Okinawan Cuisine: Goya Chanpuru Recipe

Here’s a recipe of one of the most popular dishes in Okinawa 沖縄 , Japan.


Goya Chanpuru (ゴーヤチャンプル) is a famous traditional dish from Okinawa ( the southernmost prefecture of Japan). The word “Goya” means bitter gourd or bitter melon while “Chanpuru” is derived from the Indonesian word “campur” meaning “mix”. It is a stir-fry dish mainly consisting of bitter melon, tofu and Spam. Some may wonder why local Okinawans are so in love with this canned meat that is originally from the United States. Here is a brief history.


Bitter Melon or Goya  2 pcs, medium size
Tofu (firm) 300g
Spam 1 can, sliced
Egg 2 pcs, beaten
Hon-Dashi (bonito fish soup stock) Granules 2 tbsp
Katsuobushi (dried, smoked bonito flakes) for garnish
Bean Sprouts 2 cups
Onions 1 large, sliced
Garlic 2 cloves, crushed
Mirin (sweet cooking rice wine) 2 tsp
Salt and Pepper
Garlic Powder
Carrots  1 small, thin slices (optional)
Nira Chives  1/2 cup (optional)
Quail Eggs 6 pcs (optional)



  • Wash and cut the goya in half lengthwise and gently scrape off the seeds with a spoon.
  • Slice the goya thinly and transfer to a bowl.
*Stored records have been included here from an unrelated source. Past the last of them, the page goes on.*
lemma sum_abs_le_single_support:
  fixes q d :: "'x \<Rightarrow> 'a \<Rightarrow> real" and \<beta> c :: real
  assumes "finite A" "0 \<le> c"
    and single: "\<And>x a. x \<in> X \<Longrightarrow> a \<noteq> act x \<Longrightarrow> q x a = 0"
    and dev: "\<And>x a. x \<in> X \<Longrightarrow> a \<in> A \<Longrightarrow> \<bar>d x a\<bar> \<le> (if q x a = 0 then 0 else \<beta> * q x a + c)"
  shows "(\<Sum>x\<in>X. \<Sum>a\<in>A. \<bar>d x a\<bar>) \<le> \<beta> * (\<Sum>x\<in>X. \<Sum>a\<in>A. q x a) + card X * c"
proof -
  have "(\<Sum>a\<in>A. \<bar>d x a\<bar>) \<le> \<beta> * (\<Sum>a\<in>A. q x a) + c" if x: "x \<in> X" for x
  proof -
    have "\<bar>d x a\<bar> \<le> \<beta> * q x a + (if a = act x then c else 0)" if a: "a \<in> A" for a
    proof (cases "a = act x")
      case True
      then show ?thesis using dev[OF x a] assms(2) by (auto split: if_splits)
    next
      case False
      then show ?thesis using dev[OF x a] single[OF x False] by simp
    qed
    then have "(\<Sum>a\<in>A. \<bar>d x a\<bar>) \<le> (\<Sum>a\<in>A. \<beta> * q x a + (if a = act x then c else 0))"
      by (rule sum_mono)
    also have "\<dots> \<le> \<beta> * (\<Sum>a\<in>A. q x a) + c"
      using assms(1,2) by (simp add: sum.distrib sum_distrib_left)
    finally show ?thesis .
  qed
  then have "(\<Sum>x\<in>X. \<Sum>a\<in>A. \<bar>d x a\<bar>) \<le> (\<Sum>x\<in>X. \<beta> * (\<Sum>a\<in>A. q x a) + c)"
    by (rule sum_mono)
  then show ?thesis by (simp add: sum.distrib sum_distrib_left)
qed
lemma transport_pair_witness:
  fixes f g :: "'x \<Rightarrow> real"
  assumes I: "finite I" "\<And>i. i \<in> I \<Longrightarrow> s i \<in> carrier G" "\<And>i. i \<in> I \<Longrightarrow> continuous_on UNIV (c i)"
    and J: "finite J" "\<And>j. j \<in> J \<Longrightarrow> t j \<in> carrier G" "\<And>j. j \<in> J \<Longrightarrow> continuous_on UNIV (d j)"
    and c_A: "\<And>i z. i \<in> I \<Longrightarrow> c i z \<noteq> 0 \<Longrightarrow> \<alpha> (s i) z \<in> A"
    and d_B: "\<And>j z. j \<in> J \<Longrightarrow> d j z \<noteq> 0 \<Longrightarrow> \<alpha> (t j) z \<in> B" and AB: "A \<inter> B = {}"
    and c_disj: "\<And>i j z w. i \<in> I \<Longrightarrow> j \<in> I \<Longrightarrow> c i z \<noteq> 0 \<Longrightarrow> c j w \<noteq> 0 \<Longrightarrow> \<alpha> (s i) z = \<alpha> (s j) w \<Longrightarrow> i = j"
    and d_disj: "\<And>i j z w. i \<in> J \<Longrightarrow> j \<in> J \<Longrightarrow> d i z \<noteq> 0 \<Longrightarrow> d j w \<noteq> 0 \<Longrightarrow> \<alpha> (t i) z = \<alpha> (t j) w \<Longrightarrow> i = j"
    and c_sum: "\<And>z. (\<Sum>i\<in>I. (c i z)\<^sup>2 * f (\<alpha> (s i) z)) = g z"
    and d_sum: "\<And>z. (\<Sum>j\<in>J. (d j z)\<^sup>2 * f (\<alpha> (t j) z)) = g z"
    and near: "\<And>z. \<bar>g z - f z\<bar> \<le> e"
  shows "cuntz_diag2_witness G \<alpha> (mult_op G \<alpha> (\<lambda>x. complex_of_real (f x))) (mult_op G \<alpha> (\<lambda>x. complex_of_real (f x))) e
           (transport_op G \<alpha> I s c) (transport_op G \<alpha> J t d) (transport_adj G \<alpha> I s c) (transport_adj G \<alpha> J t d)"
proof -
  let ?f = "mult_op G \<alpha> (\<lambda>x. complex_of_real (f x))"
  have "transport_adj G \<alpha> I s c (?f (transport_op G \<alpha> I s c \<xi>)) = mult_op G \<alpha> (\<lambda>y. complex_of_real (g y)) \<xi>"
    and "transport_adj G \<alpha> J t d (?f (transport_op G \<alpha> J t d \<xi>)) = mult_op G \<alpha> (\<lambda>y. complex_of_real (g y)) \<xi>"
    for \<xi>
    by (simp_all only: compression_disjoint[OF I(1,2) c_disj] compression_disjoint[OF J(1,2) d_disj]
                       c_sum d_sum)
  moreover have "transport_adj G \<alpha> I s c (?f (transport_op G \<alpha> J t d \<xi>)) = 0"
    and "transport_adj G \<alpha> J t d (?f (transport_op G \<alpha> I s c \<xi>)) = 0" for \<xi>
    using AB by (simp_all add: Int_commute compression_orthogonal[OF I(2) J(2) c_A d_B]
                               compression_orthogonal[OF J(2) I(2) d_B c_A])
  moreover have "0 \<le> e" using near order_trans abs_ge_zero by blast
  moreover have "l2norm (mult_op G \<alpha> (\<lambda>y. complex_of_real (g y - f y)) \<xi>) \<le> e * l2norm \<xi>"
    if "\<xi> \<in> l2 G" for \<xi>
  proof (rule l2norm_mult_op_le[OF that])
    show "cmod (complex_of_real (g y - f y)) \<le> e" for y
      using near[of y] by (metis norm_of_real)
  qed
  ultimately have "m2_norm_le G (\<lambda>\<xi>. transport_adj G \<alpha> I s c (?f (transport_op G \<alpha> I s c \<xi>)) - ?f \<xi>)
      (\<lambda>\<xi>. transport_adj G \<alpha> I s c (?f (transport_op G \<alpha> J t d \<xi>)))
      (\<lambda>\<xi>. transport_adj G \<alpha> J t d (?f (transport_op G \<alpha> I s c \<xi>)))
      (\<lambda>\<xi>. transport_adj G \<alpha> J t d (?f (transport_op G \<alpha> J t d \<xi>)) - ?f \<xi>) e"
    by (intro m2_norm_le_diagonal[where D = "mult_op G \<alpha> (\<lambda>y. complex_of_real (g y - f y))"])
       (simp_all add: mult_op_diff)
  then show ?thesis
    unfolding cuntz_diag2_witness_def using I J compact_UNIV
    by (auto intro!: transport_op_in_crossed_product is_adjoint_transport)
qed

lemma paradoxical_cuntz_witness:
  fixes f :: "'x \<Rightarrow> real"
  assumes pc: "paradoxical_comparison G \<alpha>" and f: "continuous_on UNIV f" "\<And>x. 0 \<le> f x"
    and e: "0 < e" and large: "e / 2 < f z"
  shows "\<exists>r1 r2 r1' r2'. cuntz_diag2_witness G \<alpha> (mult_op G \<alpha> (\<lambda>x. complex_of_real (f x)))
                           (mult_op G \<alpha> (\<lambda>x. complex_of_real (f x))) e r1 r2 r1' r2'"
proof -
  define F W where "F = {y. e \<le> f y}" and "W = {y. e / 2 < f y}"
  have "open W" unfolding W_def using f(1) by (intro open_Collect_less continuous_on_const)
  moreover have "closed F" unfolding F_def using f(1) by (intro closed_Collect_le continuous_on_const)
  moreover have "W \<noteq> {}" "F \<subseteq> W" using large e by (auto simp: F_def W_def)
  ultimately obtain O1 O2 where O: "O1 \<subseteq> W" "O2 \<subseteq> W" "O1 \<inter> O2 = {}"
    and sub: "subequiv G \<alpha> F O1" "subequiv G \<alpha> F O2"
    using pc unfolding paradoxical_comparison_def by metis
  obtain I :: "'x set set" and s c
    where I: "finite I" "\<And>i. i \<in> I \<Longrightarrow> s i \<in> carrier G" "\<And>i. i \<in> I \<Longrightarrow> continuous_on UNIV (c i)"
    and c_O1: "\<And>i z. i \<in> I \<Longrightarrow> c i z \<noteq> 0 \<Longrightarrow> \<alpha> (s i) z \<in> O1"
    and c_disj: "\<And>i j z w. i \<in> I \<Longrightarrow> j \<in> I \<Longrightarrow> c i z \<noteq> 0 \<Longrightarrow> c j w \<noteq> 0 \<Longrightarrow> \<alpha> (s i) z = \<alpha> (s j) w \<Longrightarrow> i = j"
    and c_sum: "\<And>z. (\<Sum>i\<in>I. (c i z)\<^sup>2 * f (\<alpha> (s i) z)) = max (f z - e) 0"
    by (rule subequiv_weights[OF f(1) e sub(1)[unfolded F_def] O(1)[unfolded W_def]]) (rule that)
  obtain J :: "'x set set" and t d
    where J: "finite J" "\<And>j. j \<in> J \<Longrightarrow> t j \<in> carrier G" "\<And>j. j \<in> J \<Longrightarrow> continuous_on UNIV (d j)"
    and d_O2: "\<And>j z. j \<in> J \<Longrightarrow> d j z \<noteq> 0 \<Longrightarrow> \<alpha> (t j) z \<in> O2"
    and d_disj: "\<And>i j z w. i \<in> J \<Longrightarrow> j \<in> J \<Longrightarrow> d i z \<noteq> 0 \<Longrightarrow> d j w \<noteq> 0 \<Longrightarrow> \<alpha> (t i) z = \<alpha> (t j) w \<Longrightarrow> i = j"
    and d_sum: "\<And>z. (\<Sum>j\<in>J. (d j z)\<^sup>2 * f (\<alpha> (t j) z)) = max (f z - e) 0"
    by (rule subequiv_weights[OF f(1) e sub(2)[unfolded F_def] O(2)[unfolded W_def]]) (rule that)
  have near: "\<bar>max (f y - e) 0 - f y\<bar> \<le> e" for y
    using f(2)[of y] e by (simp add: abs_if max_def)
  have "cuntz_diag2_witness G \<alpha> (mult_op G \<alpha> (\<lambda>x. complex_of_real (f x)))
          (mult_op G \<alpha> (\<lambda>x. complex_of_real (f x))) e (transport_op G \<alpha> I s c) (transport_op G \<alpha> J t d)
          (transport_adj G \<alpha> I s c) (transport_adj G \<alpha> J t d)"
    by (rule transport_pair_witness[where A = O1 and B = O2])
       (fact I J c_O1 d_O2 O(3) c_disj d_disj c_sum d_sum near)+
  then show ?thesis by blast
qed

end

theorem proposition4p9:
  fixes G :: "('g, 'b) monoid_scheme" and \<alpha> :: "'g \<Rightarrow> 'x::t2_space \<Rightarrow> 'x"
  assumes "group G" and "countable (carrier G)" and "infinite (carrier G)"
    and "compact (UNIV :: 'x set)" and "infinite (UNIV :: 'x set)"
    and "group_action G \<alpha>" and "paradoxical_comparison G \<alpha>"
  shows "\<forall>f :: 'x \<Rightarrow> real. continuous_on UNIV f \<and> (\<forall>x. 0 \<le> f x) \<and> f \<noteq> (\<lambda>_. 0) \<longrightarrow>
           cuntz_diag2_below G \<alpha> (mult_op G \<alpha> (\<lambda>x. complex_of_real (f x)))
                                 (mult_op G \<alpha> (\<lambda>x. complex_of_real (f x)))"
proof (intro allI impI, elim conjE)
  fix f :: "'x \<Rightarrow> real"
  assume f: "continuous_on UNIV f" "\<forall>x. 0 \<le> f x" "f \<noteq> (\<lambda>_. 0)"
  interpret compact_group_action G \<alpha>
    using assms by (simp add: compact_group_action_def compact_group_action_axioms_def
                              continuous_group_action_def continuous_group_action_axioms_def)
  obtain x0 where x0: "0 < f x0"
    using f(2,3) by (metis less_eq_real_def)
  then show "cuntz_diag2_below G \<alpha> (mult_op G \<alpha> (\<lambda>x. complex_of_real (f x)))
                                  (mult_op G \<alpha> (\<lambda>x. complex_of_real (f x)))"
    by (rule cuntz_diag2_belowI)
       (use f x0 in \<open>auto intro!: paradoxical_cuntz_witness[where z = x0, OF assms(7)]\<close>)
qed

end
Gently rub salt into the goya and let sit for 10 minutes to moderate the bitterness. Wash and drain well.
  • Wash and slice all other vegetables.
  • Slice the Spam into 1 cm thickness. 
  • Remove excess water from the tofu with a paper tower. Chop into large portions. 
  • Beat the eggs and season with salt and pepper.

CLR_1320    CLR_1321






Hon-Dashi, Mirin & Katsuobushi

  • You can use other stock or soy sauce instead of Hon-Dashi, sugar + white wine instead of Mirin and dried shiitake mushrooms or Rousong (pork floss) instead of Katsuobushi (if you can’t find them in your local grocery store).



1. Heat about 1/2 tbsp of sesame oil (or any cooking oil) in a skillet. Fry the tofu until slightly golden brown. Set aside.
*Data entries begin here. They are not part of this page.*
lemma perm_of_breaks_permutes: "perm_of_breaks n Z permutes {1..n}"
proof -
  define \<sigma> where "\<sigma> i = (if i \<in> Z then second_succ Z i else i)" for i
  have p: "perm_of_breaks n Z i = \<sigma> i - 2" if "i \<in> {1..n}" for i
    using that unfolding perm_of_breaks_def \<sigma>_def by simp
  have \<sigma>_range: "\<sigma> i \<in> {3..n + 2}" if "i \<in> {1..n}" for i
  proof (cases "i \<in> Z")
    case True
    then show ?thesis using that second_succ_of_break[OF True] breaks_bounds(1) unfolding \<sigma>_def by auto
  next
    case False
    then show ?thesis using non_break_ge_3[OF False] that unfolding \<sigma>_def by auto
  qed
  have \<sigma>_mem: "\<sigma> i \<in> Z \<longleftrightarrow> i \<in> Z" if "i \<in> {1..n}" for i
    using that second_succ_of_break(1) unfolding \<sigma>_def by auto
  have \<sigma>_inj: "i = j" if ij: "i \<in> {1..n}" "j \<in> {1..n}" "\<sigma> i = \<sigma> j" for i j
  proof (cases "i \<in> Z")
    case True
    then have "j \<in> Z" using ij \<sigma>_mem by metis
    then have "rank_in Z i = rank_in Z j"
      using ij True second_succ_of_break(3) unfolding \<sigma>_def by (metis add_right_cancel atLeastAtMost_iff)
    then show ?thesis using rank_in_inj[OF alternating_breaks_finite[OF Z] True \<open>j \<in> Z\<close>] by simp
  next
    case False
    then show ?thesis using ij \<sigma>_mem unfolding \<sigma>_def by metis
  qed
  have "inj_on (perm_of_breaks n Z) {1..n}"
  proof (rule inj_onI)
    fix i j assume ij: "i \<in> {1..n}" "j \<in> {1..n}" "perm_of_breaks n Z i = perm_of_breaks n Z j"
    then have "\<sigma> i = \<sigma> j" using p \<sigma>_range[OF ij(1)] \<sigma>_range[OF ij(2)] by fastforce
    then show "i = j" using \<sigma>_inj ij by blast
  qed
  moreover have "perm_of_breaks n Z i \<in> {1..n}" if "i \<in> {1..n}" for i
    using p[OF that] \<sigma>_range[OF that] by auto
  ultimately show ?thesis
    by (intro inj_imp_permutes) (auto simp: perm_of_breaks_def)
qed
lemma odd_perm_V4_not_double_transposition:
  assumes "\<not> evenperm (\<lambda>x. if x \<in> V4 then s x else x)"
  shows "[s 0, s 1, s 2, s 3] \<noteq> [2, 3, 0, 1]" "[s 0, s 1, s 2, s 3] \<noteq> [3, 2, 1, 0]"
proof -
  have not_product: "(\<lambda>x. if x \<in> V4 then s x else x) \<noteq> transpose 0 p \<circ> transpose 1 q"
    if "p \<in> {2, 3}" "q \<in> {2, 3}" for p q :: nat
    using assms that by (auto simp: evenperm_comp evenperm_swap permutation_swap_id)
  show "[s 0, s 1, s 2, s 3] \<noteq> [2, 3, 0, 1]"
    using not_product[of 2 3] by (auto simp: V4_def transpose_def fun_eq_iff split: if_splits)
  show "[s 0, s 1, s 2, s 3] \<noteq> [3, 2, 1, 0]"
    using not_product[of 3 2] by (auto simp: V4_def transpose_def fun_eq_iff split: if_splits)
qed

(* Whether the oriented edge slot (a, b) points in the preferred direction: towards N for the top
   edge, otherwise towards E if the top edge veers right (vt) and towards W if it veers left. *)
definition slot_potential :: "nat \<Rightarrow> nat \<Rightarrow> bool \<Rightarrow> bool" where
  "slot_potential a b vt = (if a = 2 \<and> b = 3 then True else if a = 3 \<and> b = 2 then False
      else vt \<noteq> (a = 1 \<or> (a \<in> {2, 3} \<and> b = 0)))"

(* The left-hand side is the weight of the face along which face c of a tetrahedron is glued to
   face s c of its neighbour; checked over all 24 permutations s. *)
lemma slot_potential_cocycle:
  fixes s :: "nat \<Rightarrow> nat"
  assumes bij: "bij_betw s V4 V4" and odd: "\<not> evenperm (\<lambda>x. if x \<in> V4 then s x else x)"
    and abc: "a \<in> V4" "b \<in> V4" "c \<in> V4" "distinct [a, b, c]"
    and taut: "c \<in> {0, 1} \<longleftrightarrow> s c \<in> {2, 3}"
    and veer: "\<And>x y. x \<in> V4 \<Longrightarrow> y \<in> V4 \<Longrightarrow> x \<noteq> y \<Longrightarrow> x \<noteq> c \<Longrightarrow> y \<noteq> c \<Longrightarrow>
                 model_veer vb vt x y = model_veer vb' vt' (s x) (s y)"
  shows "(if c \<in> {0, 1} then odd c \<longleftrightarrow> (vt' \<noteq> odd (s c)) else odd (s c) \<longleftrightarrow> (vt \<noteq> odd c))
         \<longleftrightarrow> slot_potential a b vt \<noteq> slot_potential (s a) (s b) vt'"
proof -
  have veer': "\<forall>x\<in>{0,1,2,3}. \<forall>y\<in>{0,1,2,3}. x \<noteq> y \<longrightarrow> x \<noteq> c \<longrightarrow> y \<noteq> c \<longrightarrow>
      model_veer vb vt x y = model_veer vb' vt' (s x) (s y)"
    using veer unfolding V4_def by blast
  have abc': "a \<in> {0,1,2,3}" "b \<in> {0,1,2,3}" "c \<in> {0,1,2,3}" "a \<noteq> b" "a \<noteq> c" "b \<noteq> c"
    using abc unfolding V4_def by auto
  show ?thesis
    using bij_V4_in_perms_V4[OF bij] abc'(3) taut odd_perm_V4_not_double_transposition[OF odd]
    apply (simp add: perms_V4_def)
    apply (elim disjE conjE; simp)
    using abc'(1,2,4-6) veer'
    apply (simp_all add: model_veer_def slot_potential_def)
    apply (elim disjE; simp; fail)+
    done
qed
2. In the same skillet,  stir fry sliced Spam with garlic and onions, cook until just start to brown. Season with pepper.


CLR_1373 3. Add goya and all other vegetables. Season with Hon-Dashi and garlic powder. Add some Mirin and mix it well.



4. Add the fried tofu and  pour the beaten eggs all over. Cook, stirring occasionally.


5. Finally, garnish it with Bonito flakes.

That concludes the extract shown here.